Шрифт:
Интервал:
Закладка:
– Я знаю, здесь отстойно, – сказала она, совершенно не выглядя смущенной.
Она перебросила одежду через комнату и забралась на верхнюю койку. На нижней койке, которая была более аккуратной, была подушка с цветами и сложенное одеяло с маской для глаз наверху.
– Кто здесь спит?
– Моя мама. У нее бессонница, кошмары и все такое. Иногда она приходит сюда спать. Или не спать, возможно.
Я посмотрела на ракетные корабли.
– Что насчет твоего брата?
– Стюарта? Он живет со своей девушкой и ее ребенком. Они постоянно грызутся друг с другом. Когда наслушается скандалов, он спит у нас на диване.
Как и Джерри Лейк, я была единственным ребенком, и поэтому мне было интересно, что значит иметь брата или сестру, особенно брата. Моя семья была будто маленький и отдаленный от окружающего мира остров. Я, конечно, любила своих родителей и не обижалась на них за то, что они отправили меня в интернат. Они хотели дать мне то, что считали лучшим стартом в жизни, – частное образование; все-таки они не бросили меня на растерзание волкам. Мой отец был старше моей матери больше чем на пятнадцать лет и работал в сфере международных финансов. Я почти ничего не знала о его офисной жизни в банке, кроме того, что он носил серо-белые костюмы в тонкую полоску и у него был кожаный портфель цвета красного дерева, который он купил для пущей уверенности. Больше всего мой отец ценил тишину и покой. Однажды он заметно вздрогнул, когда за завтраком во время школьных каникул я слишком громко заговорила, мешая его работе. Моя мать была общительной, очень симпатичной, хорошо воспитанной, Божественной, и поэтому считалась хорошей партией. Насколько я могла судить, мои родители не были ни влюблены, ни несчастны. За шестнадцать лет я ни разу не видела, чтобы они кричали, плакали или даже целовались в губы. Если они ссорились или – что еще более невероятно для меня – их охватывало внезапное желание, то они давали себе волю только за дверью их спальни, за которой был слышен лишь приглушенный шепот, кашель и вздохи. Порой, когда мой отец был в особенно хорошем настроении, он похлопывал мою мать по бедру, проходя мимо нее. Это был максимум романтики, что я видела дома. Я понятия не имела, каково это – жить день за днем в настоящей семье, где все иногда ссорятся, рыдают и обнимаются.

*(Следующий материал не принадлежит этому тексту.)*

text \<open>Write \<beta>_j = -\<alpha>_j if column j is in error (j \<in> I_E) and \<beta>_j = \<alpha>_j otherwise. A case
  analysis on the bounded-distance decoder gives 1 - \<beta>_j \<le> 2 min(w(e_j), d) / d, so the
  hypothesis yields \<Sum>_j (1 - \<beta>_j) < d'. Padding the levels by a_0 = 0 and a_(J+1) = 1, this
  sum equals \<Sum>_(k=0..J) (a_(k+1) - a_k) (|E_k| + 2 |I_E - E_k|), an average with nonnegative
  weights summing to 1. As E_J erases all n' \<ge> d' positions, some k < J has
  |E_k| + 2 |I_E - E_k| < d'. Outside E_k every row of xh - x is supported in I_E, and within
  that radius the error-and-erasure decoder of C' is unique.\<close>

lemma hw_out_empty [simp]: "hw_out n {} v = hw n v"
  by (simp add: hw_out_def hw_def)

lemma hw_out_add: "hw_out n E (u + v) \<le> hw_out n E u + hw_out n E (v :: nat \<Rightarrow> 'a::monoid_add)"
proof -
  have "hw_out n E (u + v)
      \<le> card ({i. i < n \<and> i \<notin> E \<and> u i \<noteq> 0} \<union> {i. i < n \<and> i \<notin> E \<and> v i \<noteq> 0})"
    unfolding hw_out_def by (intro card_mono) auto
  also have "\<dots> \<le> hw_out n E u + hw_out n E v"
    unfolding hw_out_def by (rule card_Un_le)
  finally show ?thesis .
qed

lemma hw_out_minus_commute: "hw_out n E (u - v) = hw_out n E (v - (u :: nat \<Rightarrow> 'a::ab_group_add))"
proof -
  have "{i. i < n \<and> i \<notin> E \<and> (u - v) i \<noteq> 0} = {i. i < n \<and> i \<notin> E \<and> (v - u) i \<noteq> 0}"
    by auto
  then show ?thesis unfolding hw_out_def by simp
qed

lemma hw_out_triangle:
  "hw_out n E (u - w) \<le> hw_out n E (u - v) + hw_out n E (v - (w :: nat \<Rightarrow> 'a::ab_group_add))"
  using hw_out_add[of n E "u - v" "v - w"] by simp

lemma hw_minus_commute: "hw n (u - v) = hw n (v - (u :: nat \<Rightarrow> 'a::ab_group_add))"
  using hw_out_minus_commute[of n "{}"] by simp

lemma hw_triangle: "hw n (u - w) \<le> hw n (u - v) + hw n (v - (w :: nat \<Rightarrow> 'a::ab_group_add))"
  using hw_out_triangle[of n "{}"] by simp

lemma hw_le_hw_out_card: "E \<subseteq> {..<n} \<Longrightarrow> hw n v \<le> hw_out n E v + card E"
proof -
  assume "E \<subseteq> {..<n}"
  then have "hw n v \<le> card ({i. i < n \<and> i \<notin> E \<and> v i \<noteq> 0} \<union> E)"
    unfolding hw_def by (intro card_mono) (auto intro: finite_subset)
  also have "\<dots> \<le> hw_out n E v + card E" unfolding hw_out_def by (rule card_Un_le)
  finally show ?thesis .
qed

lemma hw_out_le_card_Diff:
  assumes "finite S" and "\<And>j. j < n \<Longrightarrow> j \<notin> E \<Longrightarrow> v j \<noteq> 0 \<Longrightarrow> j \<in> S"
  shows "hw_out n E v \<le> card (S - E)"
  unfolding hw_out_def using assms by (intro card_mono) auto

lemma hw_le: "hw n v \<le> n"
  using card_mono[of "{..<n}" "{i. i < n \<and> v i \<noteq> 0}"] by (auto simp: hw_def)

lemma finite_hdists: "finite {hdist n u v | u v. u \<in> C \<and> v \<in> C \<and> u \<noteq> v}"
  by (rule finite_subset[of _ "{..n}"]) (auto simp: hdist_def hw_le)

lemma linear_code_min_dist:
  assumes "linear_code n k d C" "u \<in> C" "v \<in> C" "u \<noteq> v"
  shows "d \<le> hdist n u v"
  using assms finite_hdists[of n C] unfolding linear_code_def by (auto intro!: Min_le)

lemma linear_code_eq_if_hw_less:
  assumes "linear_code n k d C" "u \<in> C" "v \<in> C" "hw n (u - v) < d"
  shows "u = v"
  using linear_code_min_dist[OF assms(1-3)] assms(4) unfolding hdist_def by force

lemma linear_code_min_dist_bounds:
  assumes C: "linear_code n k d C"
  shows "1 \<le> d" "d \<le> n"
proof -
  have "{hdist n u v | u v. u \<in> C \<and> v \<in> C \<and> u \<noteq> v} \<noteq> {}"
    using C unfolding linear_code_def by blast
  then have "d \<in> {hdist n u v | u v. u \<in> C \<and> v \<in> C \<and> u \<noteq> v}"
    using C Min_in[OF finite_hdists[of n C]] unfolding linear_code_def by simp
  then obtain u v where uv: "u \<in> C" "v \<in> C" "u \<noteq> v" "d = hdist n u v" by blast
  then obtain i where i: "u i \<noteq> v i" by auto
  with uv C have "i < n" unfolding linear_code_def supported_def by (metis not_le)
  with i have "0 < hdist n u v"
    unfolding hdist_def hw_def by (subst card_gt_0_iff) auto
  with uv show "1 \<le> d" by simp
  show "d \<le> n" using uv hw_le by (simp add: hdist_def)
qed

lemma unique_choice_eq_Some:
  assumes "P x" and "\<And>c. P c \<Longrightarrow> c = x"
  shows "(if \<exists>!c. P c then Some (THE c. P c) else None) = Some x"
  using assms by (metis the_equality)

lemma bd_decode_SomeI:
  assumes C: "linear_code n k d C" and c: "c \<in> C" and close: "hdist n y c \<le> (d - 1) div 2"
  shows "bd_decode n d C y = Some c"
  unfolding bd_decode_def
proof (rule unique_choice_eq_Some)
  fix c' assume c': "c' \<in> C \<and> hdist n y c' \<le> (d - 1) div 2"
  have "hw n (c' - c) \<le> hw n (y - c') + hw n (y - c)"
    using hw_triangle[where n = n and u = c' and v = y and w = c] hw_minus_commute[of n c' y] by simp
  moreover have "2 * ((d - 1) div 2) \<le> d - 1" by simp
  ultimately have "hw n (c' - c) < d"
    using c' close linear_code_min_dist_bounds(1)[OF C] unfolding hdist_def by linarith
  then show "c' = c" using linear_code_eq_if_hw_less[OF C] c c' by blast
qed (use c close in simp)

lemma bd_decode_SomeD:
  assumes "bd_decode n d C y = Some c"
  shows "c \<in> C" "hdist n y c \<le> (d - 1) div 2"
proof -
  have ex: "\<exists>!c. c \<in> C \<and> hdist n y c \<le> (d - 1) div 2"
    using assms unfolding bd_decode_def by (metis option.distinct(1))
  have "c = (THE c. c \<in> C \<and> hdist n y c \<le> (d - 1) div 2)"
    using assms ex unfolding bd_decode_def by simp
  then show "c \<in> C" "hdist n y c \<le> (d - 1) div 2" using theI'[OF ex] by simp_all
qed

lemma ee_decode_SomeI:
  assumes C: "linear_code n' k' d' C'" and x: "x \<in> C'" and E: "E \<subseteq> {..<n'}"
    and close: "2 * hw_out n' E (r - x) + card E < d'"
  shows "ee_decode n' d' C' E r = Some x"
  unfolding ee_decode_def
proof (rule unique_choice_eq_Some)
  fix c assume c: "c \<in> C' \<and> 2 * hw_out n' E (r - c) + card E < d'"
  have "hw n' (c - x) \<le> hw_out n' E (r - c) + hw_out n' E (r - x) + card E"
    using hw_le_hw_out_card[OF E, of "c - x"] hw_out_triangle[where n = n' and E = E and u = c and v = r and w = x]
      hw_out_minus_commute[of n' E c r] by simp
  with c close have "hw n' (c - x) < d'" by linarith
  then show "c = x" using linear_code_eq_if_hw_less[OF C] c x by blast
qed (use x close in simp)

lemma reliab_bounds:
  assumes "1 \<le> d"
  shows "0 \<le> reliab n d C y" "reliab n d C y \<le> 1"
proof -
  have "0 \<le> reliab n d C y \<and> reliab n d C y \<le> 1"
  proof (cases "bd_decode n d C y")
    case (Some c)
    then have "2 * hw n (y - c) < d"
      using bd_decode_SomeD(2)[OF Some] assms by (simp add: hdist_def)
    with assms show ?thesis by (simp add: reliab_def Some field_simps)
  qed (simp add: reliab_def)
  then show "0 \<le> reliab n d C y" "reliab n d C y \<le> 1" by simp_all
qed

Некоторое время я увлеченно рассматривала фотографии Стюарта, где он был в футбольной форме и с уложенными волосами.
– Ну, так что же ты хочешь дать мне? – спросила Лорен.
Я вынула конверт с фотографиями и протянула ей. Она приоткрыла его пальцем и яростно покачала головой.
– Ни за что. Я не хочу, черт возьми.
– Просто ненадолго, – взмолилась я. – Пока проверяют общежитие.
– Тогда выкинь их, сожги.
По пути к ее дому мне пришла в голову та же самая мысль, я даже ходила вокруг мусорного ведра, но не смогла заставить себя это сделать. Не знаю почему. Может быть, потому что я первой нашла фотографию и каким-то странным образом почувствовала себя избранной. Вот как я отчаянно нуждалась в мужском внимании. По ночам я иногда вытаскивала фотографии из тайника, когда Джерри спала, и изучала их с фонариком, спрятавшись под одеялом, зажав одну руку между ног. Это стало чем-то вроде моего грязного секрета. Несмотря на то что Божественные делились каждой подробностью своих романтических встреч с мальчиками – крайне редких, как и у меня, – тема мастурбации была строго запрещена. Я понятия не имела, удовлетворяли ли себя Скиппер и близняшки, или то, что я делала, делало из меня извращенку. Я могла бы спросить Лорен, которая не стеснялась абсолютно ничего, но я слишком нервничала, чтобы сказать что-нибудь, что, по моему мнению, могло бы поставить под угрозу нашу дружбу.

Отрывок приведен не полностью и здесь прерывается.